On June 9, 2003, Advanced Rehab Services called to check on Mr. Hebert.
Mrs. Hebert reported that Mr. Hebert had to stay in bed from Wednesday to Sunday
following the FCE. However, the video admitted into evidence indicates that the day
after the FCE testing, Mr. Hebert was driving around town running errands and
purchasing four, twelve-packs of drinks which he carried out and placed in his
vehicle by himself.
Dr. Perry saw Mr. Hebert twice after he reviewed the video, June 25 and July
8, 2003. On the July 8 visit, Mr. Hebert used a walker. Dr. Perry observed that Mr.
Hebert was able to walk well without much limp in the video. While Dr. Perry agreed
that Mr. Hebert does have some residual problems and is probably only able to
perform light-duty work, he opined that Mr. Hebert’s complaints in the office did not
fit with what he saw in the video. Dr. Perry testified that, based on what he saw in
the video, Mr. Hebert did not need attendant care. He explained that attendant care
is for someone who is severely impaired or critical and cannot care for any of his own
needs.
6 Based on the trial testimony and evidence in the record, we cannot say that the
WCJ committed manifest error in finding that the Heberts violated La.R.S. 23:1208
by continuing to accept attendant care benefits and providing the health care
providers with information that Mr. Hebert was not able to do anything for himself.

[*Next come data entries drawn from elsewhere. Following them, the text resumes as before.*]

lemma arcs_uniformly_oriented:
  assumes "homogeneous M" "card (sdom A0) = 2"
    and tournament: "\<forall>x \<in> sdom M. \<forall>y \<in> sdom M. x \<noteq> y \<and> isomorphic (induced M {x, y}) A0 \<longrightarrow>
           ((x, y) \<in> arcs M \<phi> \<longleftrightarrow> (y, x) \<notin> arcs M \<phi>)"
    and arcs_on_copies: "\<forall>(x, y) \<in> arcs M \<phi>. x \<noteq> y \<and> isomorphic (induced M {x, y}) A0"
    and "(x0, y0) \<in> arcs M \<phi>"
  obtains a0 a1 where "sdom A0 = {a0, a1}" "a0 \<noteq> a1"
    and "\<And>x y. (x, y) \<in> arcs M \<phi> \<Longrightarrow>
           \<exists>\<psi>. is_iso A0 (induced M {x, y}) \<psi> \<and> \<psi> a0 = x \<and> \<psi> a1 = y"
proof -
  have copy: "\<exists>\<psi>. is_iso A0 (induced M {x, y}) \<psi>" if "(x, y) \<in> arcs M \<phi>" for x y
    using arcs_on_copies that isomorphic_sym unfolding isomorphic_def by blast
  have in_M: "{x, y} \<subseteq> sdom M" if "(x, y) \<in> arcs M \<phi>" for x y
    using that by (auto simp: arcs_def)
  obtain \<psi>0 where \<psi>0: "is_iso A0 (induced M {x0, y0}) \<psi>0"
    using copy assms(5) by blast
  then have onto0: "\<psi>0 ` sdom A0 = {x0, y0}"
    by (simp add: is_iso_def)
  obtain a0 a1 where a: "sdom A0 = {a0, a1}" "a0 \<noteq> a1" "\<psi>0 a0 = x0" "\<psi>0 a1 = y0"
  proof -
    obtain a b where ab: "sdom A0 = {a, b}" "a \<noteq> b"
      using assms(2) by (auto simp: card_2_iff)
    have "x0 \<noteq> y0"
      using arcs_on_copies assms(5) by blast
    then show ?thesis
      using that ab onto0 by (auto simp: doubleton_eq_iff insert_commute)
  qed
  have "\<exists>\<psi>. is_iso A0 (induced M {x, y}) \<psi> \<and> \<psi> a0 = x \<and> \<psi> a1 = y"
    if xy: "(x, y) \<in> arcs M \<phi>" for x y
  proof -
    obtain \<psi> where \<psi>: "is_iso A0 (induced M {x, y}) \<psi>"
      using copy xy by blast
    obtain \<sigma> where \<sigma>: "is_iso M M \<sigma>" "\<forall>a \<in> sdom A0. \<sigma> (\<psi>0 a) = \<psi> a"
      using homogeneous_extend_iso[OF assms(1) _ _ in_M in_M \<psi>0 \<psi>] assms(5) xy by blast
    have arc: "(\<psi> a0, \<psi> a1) \<in> arcs M \<phi>"
      using arcs_automorphism[OF \<sigma>(1) assms(5)] \<sigma>(2) a by auto
    have "{\<psi> a0, \<psi> a1} = {x, y}" "\<psi> a0 \<noteq> \<psi> a1"
      using \<psi> a by (auto simp: is_iso_def is_emb_def)
    moreover have "(y, x) \<notin> arcs M \<phi>"
      using tournament arcs_on_copies xy in_M[OF xy] by blast
    ultimately have "\<psi> a0 = x \<and> \<psi> a1 = y"
      using arc by (auto simp: doubleton_eq_iff)
    then show ?thesis
      using \<psi> by blast
  qed
  then show ?thesis
    using that a(1,2) by blast
qed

There was a consistent pattern exaggerating and misleading health care providers
about Mr. Hebert’s problems and what he could do on a day-to-day basis.
INVESTIGATION AND LITIGATION COSTS
Mr. Hebert also claims the trial court erred in awarding the LWCC
investigation and litigation costs. He contends that La.R.S. 23:1208 does not provide
for cost shifting.
Louisiana Revised Statutes 23:1208(D) provides that restitution may be
awarded for “benefits claimed or payments obtained through fraud[.]” Furthermore,
La.R.S. 23:1208(C) defines “benefits claimed or payments obtained” to also include
“reasonable costs of investigation and litigation.” Therefore, investigation and
litigation expenses may be awarded as restitution. See Wood v. Brian Harris
Autoplex, 04-1316 (La.App. 1 Cir. 8/3/05), ___ So.2d ___.
CONSTITUTIONAL ISSUE
Mr. Hebert claims that the Office of Workers’ Compensation was enjoined
from adjudicating any claims or defenses under La.R.S. 23:1208 pursuant to the
Twenty-First Judicial District Court’s ruling in In re Melancon, Number 2004-
003200.
We first note that a constitutional issue decided by a city court, district court,
or appellate court is not binding on the courts of co-ordinate jurisdiction. City of
Shreveport v. Baylock, 107 So.2d 419 (La.1958). Furthermore, this court, in an en
banc decision, determined that the Office of Workers’ Compensation has subject-
7 matter jurisdiction to adjudicate claims under La.R.S. 23:1208. Lanthier v. Family
Dollar Store, 02-429 (La.App. 3 Cir. 1/8/03), 848 So.2d 605. Therefore, we find that
this assignment of error has no merit.
For the reasons expressed in this opinion, we affirm the decision of the Office
of Workers’ Compensation. Costs of this appeal are assessed to Gregory Hebert.